Los niños saboreaban los deliciosos pasteles de calabaza, completamente inmersos en la satisfacción que les proporcionaba la comida, sin darse cuenta de que había un niño llamado Chenchen en la clase que no había llegado a tiempo a la escuela, ni prestaron atención al pequeño episodio de la Profesora Jiang Xinzhuo atendiendo una llamada.
La Profesora Wei Siyi, conocida por su meticulosidad, notó con agudeza el sutil cambio en la expresión de la Profesora Jiang Xinzhuo después de la llamada.
Vio cómo una capa de melancolía ensombrecía la expresión originalmente relajada de la Profesora Jiang, haciendo que su animado rostro pareciera apesadumbrado.
Por eso,
No pudo evitar sentirse un poco perpleja y preocupada, y preguntó con curiosidad en voz baja: —¿Profesora Jiang, quién llamó?
La Profesora Jiang Xinzhuo suspiró levemente y respondió: —Fue el Tío Li.
—¿Ah?
¿Llamó el Tío Li?
¿Ocurre algo?
—preguntó la Profesora Wei Siyi frunciendo ligeramente el ceño.
Jiang Xinzhuo explicó: —El Tío Li dijo que la mamá de Chenchen lo trajo a la entrada de la escuela, pero Chenchen simplemente no quiere entrar.
El Tío Li y la madre de Chenchen no pudieron convencerlo, así que me llamaron, esperando que yo pudiera hacerlo entrar.
Vaya~
¡Entendido!
¡Otro que se niega rotundamente a ir a la escuela!
Hacer que alguien así entre al preescolar, nivel de dificultad…
Tsk, tsk, tsk, no es que sea un poco difícil…
¡La tarea es verdaderamente monumental!
No pudo evitar dedicarle a la Profesora Jiang Xinzhuo una mirada significativa y compasiva: —Profesora Jiang, aunque esta tarea es monumental, creo en ti~.
—¡Buena suerte!
Finalmente, levantó un puño en un gesto juguetón para animarla.
Jiang Xinzhuo sonrió con impotencia: —Está bien, haré lo mejor que pueda.
Si la persuasión amable no funciona, tendré que recurrir a métodos más duros, y aunque me duelan mis delgados brazos, lo llevaré cargando al aula.
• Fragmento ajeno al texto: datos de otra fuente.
(* Let $L=\langle S,A,\to\rangle$ be a labelled transition system. For all $x,y\in\{o,b\}$, the relation $\equiv_{E(x,y)}$ is an $(x,y)$-generic bisimulation.
   Context: An LTS is $\langle S,A,\to\rangle$ with states $S$, actions $A$ containing the internal action $\tau$, and $\to\subseteq S\times A\times S$; write $s\xrightarrow{a}t$, and $\twoheadrightarrow$ for the reflexive-transitive closure of $\xrightarrow{\tau}$. For $R\subseteq S\times S$ and $s,s',t$: $s\twoheadrightarrow_{o,R,t}s'$ iff $s\twoheadrightarrow s'$; $s\twoheadrightarrow_{b,R,t}s'$ iff $s\twoheadrightarrow s'$, $t\,R\,s$ and $t\,R\,s'$. For $x,y\in\{o,b\}$, a symmetric $R$ is an $(x,y)$-generic bisimulation if whenever $s\,R\,t$ and $s\xrightarrow{a}s'$, either $a=\tau$ and $s'\,R\,t$, or there exist $t',t_1,t_2$ with $t\twoheadrightarrow_{x,R,s}t_1\xrightarrow{a}t_2\twoheadrightarrow_{y,R,s'}t'$ and $s'\,R\,t'$. Generic bisimulation game. Let $\frown,\smile$ be formal tags and $E\subseteq\{\frown,\smile\}$. Spoiler-owned configurations $\langle (s,t),c,m,r\rangle_S$ and Duplicator-owned $\langle (s,t),c,m,r\rangle_D$ have $(s,t)\in S\times S$, $c\in (A\times S)\cup\{\dagger\}$, $m\in (S\times\{\frown,\smile\})\cup\{\dagger\}$, $r\in\{*,\checkmark\}$. From $\langle (s,t),c,m,r\rangle_S$ Spoiler may: (S1) move to $\langle (s,t),c,m,*\rangle_D$ if $c\neq\dagger$; (S2a) for some $s\xrightarrow{a}s'$, move to $\langle (s,t),(a,s'),(t,\frown),*\rangle_D$ if $c=\dagger$; (S2b) for some $s\xrightarrow{a}s'$, move to $\langle (s,t),(a,s'),(t,\frown),\checkmark\rangle_D$ if $c\neq (a,s')$; (S3) for some $t\xrightarrow{a}t'$, move to $\langle (t,s),(a,t'),(s,\frown),\checkmark\rangle_D$. From $\langle (u,v),(a,u'),(\bar v,f),r\rangle_D$ Duplicator may: (D1) move to $\langle (u',\bar v),\dagger,\dagger,\checkmark\rangle_S$ if $a=\tau$; (D2) if $f=\frown$ and $\bar v\xrightarrow{a}v'$: (a) move to $\langle (u',v'),(a,u'),(v',\smile),*\rangle_S$, or (b) move to $\langle (u',v'),\dagger,\dagger,\checkmark\rangle_S$, or (c) only if $\smile\in E$, move to $\langle (u,v),(a,u'),(v',\smile),*\rangle_S$; (D3) for some $\bar v\xrightarrow{\tau}v'$: (a) move to $\langle (u,v'),(a,u'),(v',f),*\rangle_S$, or (b) only if $f=\smile$, move to $\langle (u',v'),\dagger,\dagger,\checkmark\rangle_S$, or (c) only if $f\in E$, move to $\langle (u,v),(a,u'),(v',f),*\rangle_S$. Duplicator wins a finite play if Spoiler gets stuck, and an infinite play if it has infinitely many $\checkmark$ rewards; other plays are won by Spoiler. $s\equiv_E t$ iff Duplicator has a strategy winning all plays from $\langle (s,t),\dagger,\dagger,*\rangle_S$. $E(x,y)$ is the smallest set with $\frown\in E(o,y)$ and $\smile\in E(x,o)$ for all $x,y\in\{o,b\}$. *)

theory Defs
  imports Main
begin

definition tau_steps :: "('s \<Rightarrow> 'a \<Rightarrow> 's \<Rightarrow> bool) \<Rightarrow> 'a \<Rightarrow> 's \<Rightarrow> 's \<Rightarrow> bool" where
  "tau_steps T tau = (\<lambda>s s'. T s tau s')\<^sup>*\<^sup>*"

datatype mode = Mo | Mb

definition mstep :: "('s \<Rightarrow> 'a \<Rightarrow> 's \<Rightarrow> bool) \<Rightarrow> 'a \<Rightarrow> mode \<Rightarrow> ('s \<Rightarrow> 's \<Rightarrow> bool)
    \<Rightarrow> 's \<Rightarrow> 's \<Rightarrow> 's \<Rightarrow> bool" where
  "mstep T tau x R t s s' =
     (case x of
        Mo \<Rightarrow> tau_steps T tau s s'
      | Mb \<Rightarrow> tau_steps T tau s s' \<and> R t s \<and> R t s')"

definition generic_bisim :: "('s \<Rightarrow> 'a \<Rightarrow> 's \<Rightarrow> bool) \<Rightarrow> 'a \<Rightarrow> mode \<Rightarrow> mode
    \<Rightarrow> ('s \<Rightarrow> 's \<Rightarrow> bool) \<Rightarrow> bool" where
  "generic_bisim T tau x y R \<longleftrightarrow>
     (\<forall>s t. R s t \<longrightarrow> R t s) \<and>
     (\<forall>s t a s'. R s t \<and> T s a s' \<longrightarrow>
        (a = tau \<and> R s' t) \<or>
        (\<exists>t' t1 t2. mstep T tau x R s t t1 \<and> T t1 a t2 \<and> mstep T tau y R s' t2 t' \<and> R s' t'))"

datatype owner = Spo | Dup
datatype tag = Frown | Smile
datatype reward = Star | Check

text \<open>Conf own (s,t) c m r; c = None stands for dagger, m = None stands for dagger.\<close>
datatype ('s, 'a) conf = Conf owner "'s \<times> 's" "('a \<times> 's) option" "('s \<times> tag) option" reward

fun owner_of :: "('s, 'a) conf \<Rightarrow> owner" where
  "owner_of (Conf o' p c m r) = o'"

fun reward_of :: "('s, 'a) conf \<Rightarrow> reward" where
  "reward_of (Conf o' p c m r) = r"

inductive gmove :: "('s \<Rightarrow> 'a \<Rightarrow> 's \<Rightarrow> bool) \<Rightarrow> 'a \<Rightarrow> tag set
    \<Rightarrow> ('s, 'a) conf \<Rightarrow> ('s, 'a) conf \<Rightarrow> bool" for T tau E where
  S1: "c \<noteq> None \<Longrightarrow> gmove T tau E (Conf Spo (s, t) c m r) (Conf Dup (s, t) c m Star)"
| S2a: "T s a s' \<Longrightarrow>
    gmove T tau E (Conf Spo (s, t) None m r) (Conf Dup (s, t) (Some (a, s')) (Some (t, Frown)) Star)"
| S2b: "T s a s' \<Longrightarrow> c \<noteq> Some (a, s') \<Longrightarrow>
    gmove T tau E (Conf Spo (s, t) c m r) (Conf Dup (s, t) (Some (a, s')) (Some (t, Frown)) Check)"
| S3: "T t a t' \<Longrightarrow>
    gmove T tau E (Conf Spo (s, t) c m r) (Conf Dup (t, s) (Some (a, t')) (Some (s, Frown)) Check)"
| D1: "a = tau \<Longrightarrow>
    gmove T tau E (Conf Dup (u, v) (Some (a, u')) (Some (vb, f)) r) (Conf Spo (u', vb) None None Check)"
| D2a: "f = Frown \<Longrightarrow> T vb a v' \<Longrightarrow>
    gmove T tau E (Conf Dup (u, v) (Some (a, u')) (Some (vb, f)) r)
                  (Conf Spo (u', v') (Some (a, u')) (Some (v', Smile)) Star)"
| D2b: "f = Frown \<Longrightarrow> T vb a v' \<Longrightarrow>
    gmove T tau E (Conf Dup (u, v) (Some (a, u')) (Some (vb, f)) r) (Conf Spo (u', v') None None Check)"
| D2c: "f = Frown \<Longrightarrow> T vb a v' \<Longrightarrow> Smile \<in> E \<Longrightarrow>
    gmove T tau E (Conf Dup (u, v) (Some (a, u')) (Some (vb, f)) r)
                  (Conf Spo (u, v) (Some (a, u')) (Some (v', Smile)) Star)"
| D3a: "T vb tau v' \<Longrightarrow>
    gmove T tau E (Conf Dup (u, v) (Some (a, u')) (Some (vb, f)) r)
                  (Conf Spo (u, v') (Some (a, u')) (Some (v', f)) Star)"
| D3b: "T vb tau v' \<Longrightarrow> f = Smile \<Longrightarrow>
    gmove T tau E (Conf Dup (u, v) (Some (a, u')) (Some (vb, f)) r) (Conf Spo (u', v') None None Check)"
| D3c: "T vb tau v' \<Longrightarrow> f \<in> E \<Longrightarrow>
    gmove T tau E (Conf Dup (u, v) (Some (a, u')) (Some (vb, f)) r)
                  (Conf Spo (u, v) (Some (a, u')) (Some (v', f)) Star)"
Ay, apenas un día de clase y sus brazos ya estaban…
¡No muy lejos de quedar inútiles!
—Bueno, no voy a charlar más contigo.
Les dejo esto a ti y al Profesor Liu.
Tengo que irme, o la mamá de Chenchen y el Tío Li se pondrán nerviosos esperando.
—¡Ve tranquila, ten por seguro que con el Profesor Liu y conmigo aquí, nada saldrá mal!
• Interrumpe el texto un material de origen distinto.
lemma socle_H_Mod_one: "socle (GH Mod {\<one>}) \<subseteq> (\<lambda>x. {x}) ` W"
proof -
  interpret GH: group GH by (rule group_GH)
  have Q: "group (GH Mod {\<one>})" using normal.factorgroup_is_group GH.one_is_normal by simp
  have "W \<lhd> GH" by (rule normal_restrict_supergroup[OF subgroup_H W_normal W_subset_H])
  then have normal: "(\<lambda>x. {x}) ` W \<lhd> GH Mod {\<one>}"
    using iso_normal_subgroup GH.singleton_iso_Mod_one group_GH Q by fastforce
  show ?thesis
  proof (rule group.socle_subset_self_centralizing[OF Q normal])
    fix q assume q: "q \<in> carrier (GH Mod {\<one>})"
      and comm: "\<forall>n\<in>(\<lambda>x. {x}) ` W. q \<otimes>\<^bsub>GH Mod {\<one>}\<^esub> n = n \<otimes>\<^bsub>GH Mod {\<one>}\<^esub> q"
    obtain x where x: "x \<in> H" "q = {x}" using q GH.carrier_Mod_one by auto
    have "\<forall>w\<in>W. x \<otimes> w = w \<otimes> x" using comm x by (simp add: set_mult_def)
    then show "q \<in> (\<lambda>x. {x}) ` W" using W_self_centralizing_in_H x by blast
  qed
qed

lemma tildeF_H_subset_W: "tildeF GH \<subseteq> W"
proof
  fix x assume "x \<in> tildeF GH"
  then have "{x} \<in> socle (GH Mod {\<one>})"
    unfolding tildeF_def frattini_H r_coset_def by auto
  then show "x \<in> W" using socle_H_Mod_one by auto
qed

lemma one_in_tildeF_H: "\<one> \<in> tildeF GH"
  unfolding tildeF_def frattini_H socle_def r_coset_def
  using H.one_closed generate.one[of "GH Mod {\<one>}"] by simp

lemma tildeF_H_index_one:
  assumes "finite (carrier G)" and "maxsub G M"
  shows "card (tildeF GH) div card (tildeF GH \<inter> M) = 1"
proof -
  have "tildeF GH \<inter> M = tildeF GH"
    using tildeF_H_subset_W maxsub_contains_W[OF assms(2)] by blast
  moreover have "finite (tildeF GH)"
    using finite_subset[OF _ assms(1)] tildeF_H_subset_W W.subset by blast
  moreover have "tildeF GH \<noteq> {}" using one_in_tildeF_H by blast
  ultimately show ?thesis by simp
qed

end

locale uniserial_semidirect_iso = uniserial_semidirect +
  fixes f :: "'a \<Rightarrow> 'c" and K :: "('c, 'd) monoid_scheme"
  assumes f_iso: "f \<in> iso G K" and group_K: "group K"
begin

sublocale f: group_hom G K f
  using f_iso group_K is_group unfolding group_hom_def group_hom_axioms_def iso_def by blast

lemma f_inj_eq: "x \<in> carrier G \<Longrightarrow> y \<in> carrier G \<Longrightarrow> f x = f y \<longleftrightarrow> x = y"
  using f_iso unfolding iso_def bij_betw_def by (auto dest: inj_onD)

lemma image_W_nontrivial: "f ` W \<noteq> {\<one>\<^bsub>K\<^esub>}"
proof
  assume trivial: "f ` W = {\<one>\<^bsub>K\<^esub>}"
  have "W \<subseteq> {\<one>}"
  proof
    fix w assume w: "w \<in> W"
    then have "f w = f \<one>" using trivial by auto
    then show "w \<in> {\<one>}" using f_inj_eq[of w \<one>] w W.mem_carrier by simp
  qed
  then show False using W_nontrivial W.one_closed by blast
qed

lemma image_V_comm:
  assumes xy: "x \<in> f ` V" "y \<in> f ` V"
  shows "x \<otimes>\<^bsub>K\<^esub> y = y \<otimes>\<^bsub>K\<^esub> x"
proof -
  obtain v where v: "x = f v" "v \<in> V" using xy(1) by (rule imageE)
  obtain v' where v': "y = f v'" "v' \<in> V" using xy(2) by (rule imageE)
  have "f (v \<otimes> v') = f (v' \<otimes> v)" using V_comm[OF v(2) v'(2)] by (rule arg_cong)
  then show ?thesis using v v' V.mem_carrier by simp
qed

lemma image_commutator_A_V:
  assumes av: "a \<in> f ` A" "v \<in> f ` V"
  shows "a \<otimes>\<^bsub>K\<^esub> v \<otimes>\<^bsub>K\<^esub> inv\<^bsub>K\<^esub> a \<otimes>\<^bsub>K\<^esub> inv\<^bsub>K\<^esub> v \<in> f ` W"
proof -
  obtain a' where a': "a = f a'" "a' \<in> A" using av(1) by (rule imageE)
  obtain v' where v': "v = f v'" "v' \<in> V" using av(2) by (rule imageE)
  have "f (a' \<otimes> v' \<otimes> inv a' \<otimes> inv v') \<in> f ` W"
    by (rule imageI[OF commutator_A_V[OF a'(2) v'(2)]])
  then show ?thesis using a' v' A.mem_carrier V.mem_carrier by simp
qed

lemma image_A_transitive_on_W:
  assumes wu: "w \<in> f ` W" "u \<in> f ` W" and nontrivial: "w \<noteq> \<one>\<^bsub>K\<^esub>" "u \<noteq> \<one>\<^bsub>K\<^esub>"
  shows "\<exists>a\<in>f ` A. a \<otimes>\<^bsub>K\<^esub> w \<otimes>\<^bsub>K\<^esub> inv\<^bsub>K\<^esub> a = u"
proof -
  obtain w' where w': "w = f w'" "w' \<in> W" using wu(1) by (rule imageE)
  obtain u' where u': "u = f u'" "u' \<in> W" using wu(2) by (rule imageE)
  have "w' \<noteq> \<one>" "u' \<noteq> \<one>" using nontrivial w' u' by auto
  then obtain a where a: "a \<in> A" "a \<otimes> w' \<otimes> inv a = u'"
    using A_transitive_on_W w'(2) u'(2) by blast
  have "f a \<otimes>\<^bsub>K\<^esub> w \<otimes>\<^bsub>K\<^esub> inv\<^bsub>K\<^esub> (f a) = f (a \<otimes> w' \<otimes> inv a)"
    using w' a(1) A.mem_carrier W.mem_carrier by simp
  then show ?thesis using a u'(1) by blast
qed

lemma image_A_faithful_on_W:
  assumes a: "a \<in> f ` A" and comm: "\<forall>w\<in>f ` W. a \<otimes>\<^bsub>K\<^esub> w = w \<otimes>\<^bsub>K\<^esub> a"
  shows "a = \<one>\<^bsub>K\<^esub>"
proof -
  obtain a' where a': "a = f a'" "a' \<in> A" using a by (rule imageE)
  have "a' \<otimes> w = w \<otimes> a'" if w: "w \<in> W" for w
    using comm a' w A.mem_carrier W.mem_carrier f_inj_eq[of "a' \<otimes> w" "w \<otimes> a'"] by simp
  then have "a' = \<one>" using A_faithful_on_W a'(2) by blast
  then show ?thesis using a'(1) by simp
qed

lemma image_V_no_A_fixed_points:
  assumes v: "v \<in> f ` V" and comm: "\<forall>a\<in>f ` A. a \<otimes>\<^bsub>K\<^esub> v = v \<otimes>\<^bsub>K\<^esub> a"
  shows "v = \<one>\<^bsub>K\<^esub>"
proof -
  obtain v' where v': "v = f v'" "v' \<in> V" using v by (rule imageE)
  have "a \<otimes> v' = v' \<otimes> a" if a: "a \<in> A" for a
    using comm v' a A.mem_carrier V.mem_carrier f_inj_eq[of "a \<otimes> v'" "v' \<otimes> a"] by simp
  then have "v' = \<one>" using V_no_A_fixed_points v'(2) by blast
  then show ?thesis using v'(1) by simp
qed

lemma image_uniserial_semidirect: "uniserial_semidirect K (f ` V) (f ` W) (f ` A) (f ` H)"
proof (intro uniserial_semidirect.intro uniserial_semidirect_axioms.intro)
  have inj: "inj_on f (carrier G)" and onto: "f ` carrier G = carrier K"
    using f_iso unfolding iso_def bij_betw_def by auto
  show "subgroup (f ` V) K" "subgroup (f ` W) K" "subgroup (f ` A) K" "subgroup (f ` H) K"
    using subgroup_V subgroup_W subgroup_A subgroup_H by (auto intro: f.subgroup_img_is_subgroup)
  show "f ` W \<subset> f ` V"
    using image_strict_mono[OF inj_on_subset[OF inj V.subset] W_psubset_V] .
  show "f ` A \<inter> f ` V = {\<one>\<^bsub>K\<^esub>}"
    using A_Int_V inj_on_image_Int[OF inj A.subset V.subset] by simp
  show "f ` V <#>\<^bsub>K\<^esub> f ` A = carrier K"
    using set_mult_hom[OF f.homh V.subset A.subset] V_mult_A onto by simp
  show "f ` H = f ` W <#>\<^bsub>K\<^esub> f ` A"
    using set_mult_hom[OF f.homh W.subset A.subset] H_eq by simp
qed (use group_K image_W_nontrivial image_V_comm image_commutator_A_V image_A_transitive_on_W
       image_A_faithful_on_W image_V_no_A_fixed_points in auto)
—Wei Siyi agitó suavemente la mano, indicándole que se fuera rápido.
Jiang Xinzhuo asintió y luego salió del aula, dirigiéndose rápidamente hacia la entrada del preescolar.
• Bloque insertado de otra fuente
lemma conj_mem_SOC:
  assumes "R \<in> SOS (lattice_of B)" "S \<in> SOC (lattice_of B)"
  shows "R ** S ** transpose R \<in> SOC (lattice_of B)"
proof -
  obtain \<alpha> where "R \<in> SO" "\<alpha> > 0" and R: "rational_scaling \<alpha> R"
    using assms(1) unfolding mem_SOS_iff by blast
  moreover have "S \<in> SO" and S: "rational_scaling 1 S"
    using assms(2) unfolding mem_SOC_iff by blast+
  moreover have "rational_scaling (\<alpha> * 1 * (1 / \<alpha>)) (R ** S ** transpose R)"
    by (intro rational_scaling_mult rational_scaling_transpose R S)
  ultimately show ?thesis
    unfolding mem_SOC_iff by (auto intro: SO_mult SO_transpose)
qed

lemma normal_SOC: "SOC (lattice_of B) \<lhd> SOS_group (lattice_of B)"
proof -
  interpret group "SOS_group (lattice_of B)"
    by (rule group_SOS_group)
  have "subgroup (SOC (lattice_of B)) (SOS_group (lattice_of B))"
  proof (rule subgroupI)
    show "SOC (lattice_of B) \<noteq> {}"
      using SO_mat_1 rational_scaling_mat_1 mem_SOC_iff by blast
  qed (use SOC_subset_SOS in \<open>auto simp: inv_SOS_group transpose_mem_SOC mult_mem_SOC\<close>)
  then show ?thesis
    unfolding normal_inv_iff using SOC_subset_SOS by (auto simp: inv_SOS_group conj_mem_SOC)
qed

lemma commutator_mem_SOC:
  assumes "R \<in> SOS (lattice_of B)" "S \<in> SOS (lattice_of B)"
  shows "R ** S ** transpose (S ** R) \<in> SOC (lattice_of B)"
proof -
  obtain \<alpha> \<beta> where "\<alpha> > 0" "\<beta> > 0" "rational_scaling \<alpha> R" "rational_scaling \<beta> S"
    using assms unfolding mem_SOS_iff by blast
  then have "rational_scaling (\<alpha> * \<beta> * (1 / (\<beta> * \<alpha>))) (R ** S ** transpose (S ** R))"
    by (intro rational_scaling_mult rational_scaling_transpose)
  moreover have "\<alpha> * \<beta> * (1 / (\<beta> * \<alpha>)) = 1"
    using \<open>\<alpha> > 0\<close> \<open>\<beta> > 0\<close> by simp
  moreover have "R \<in> SO" "S \<in> SO"
    using assms unfolding mem_SOS_iff by blast+
  ultimately show ?thesis
    unfolding mem_SOC_iff by (auto intro: SO_mult SO_transpose)
qed

lemma nat_pow_card_mem_SOC:
  assumes "R \<in> SOS (lattice_of B)"
  shows "R [^]\<^bsub>SOS_group (lattice_of B)\<^esub> CARD('n) \<in> SOC (lattice_of B)"
proof -
  let ?n = "CARD('n)" and ?Rn = "R [^]\<^bsub>SOS_group (lattice_of B)\<^esub> CARD('n)"
  obtain \<alpha> where "R \<in> SO" "\<alpha> > 0" "rational_scaling \<alpha> R"
    using assms unfolding mem_SOS_iff by blast
  then have "\<alpha> ^ ?n \<in> \<rat>"
    using rational_scaling_power_card SO_def by blast
  then have "rational_scaling (1 / \<alpha> ^ ?n * \<alpha> ^ ?n) ?Rn"
    by (intro rational_scaling_rescale rational_scaling_nat_pow \<open>rational_scaling \<alpha> R\<close>) simp
  moreover have "?Rn \<in> SOS (lattice_of B)"
    using monoid.nat_pow_closed[OF group.is_monoid[OF group_SOS_group]] assms by simp
  ultimately show ?thesis
    using \<open>\<alpha> > 0\<close> unfolding mem_SOS_iff mem_SOC_iff by simp
qed

end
Muy pronto, una voz familiar llegó a sus oídos: —¿Profesora Jiang, adónde va con tanta prisa?
Sin necesidad de mirar.
Jiang Xinzhuo sabía a quién pertenecía esa voz.
¡La Tía Li!
Efectivamente.
Cuando levantó la vista en dirección a la voz, vio el rostro de la Tía Li sonriendo como un crisantemo a medio metro de distancia.
—¡Ah, es la Tía Li!
A uno de los niños de nuestra clase lo acaban de dejar en la puerta de la escuela, necesito ir a buscarlo para que entre.
Al oír esto, el rostro de la Tía Li se iluminó de alegría y sugirió animadamente: —¡¿Profesora Jiang, va a la entrada del preescolar?!
Justo tengo que llevarle unos bocadillos al Viejo Li también, ¡por qué no vamos juntas!
—¡Claro!
Jiang Xinzhuo asintió levemente, pero no redujo la velocidad y continuó a toda prisa hacia la puerta.
La Tía Li la siguió con una sonrisa.
A medida que se acercaban a la puerta, sus oídos se llenaron de una protesta más fuerte e irritada: —¡No, no quiero, es que no quiero ir a la escuela!
Sin duda.
¡Esa voz era la de Chenchen!
Pero cuando llegó a oídos de la Tía Li, ella negó con la cabeza en silencio y con resignación.
¡Ay!
¡Los niños de hoy en día actúan como si ir a la escuela fuera una prueba de vida o muerte!
¡Pensar que en sus tiempos ni siquiera tuvieron la oportunidad de ir a la escuela!
¡Ay!
¡Realmente no aprecian la suerte que tienen!
Lanzó una mirada compasiva a Jiang Xinzhuo, lamentándose en silencio: «¡Hoy en día, ser profesora es muy duro!».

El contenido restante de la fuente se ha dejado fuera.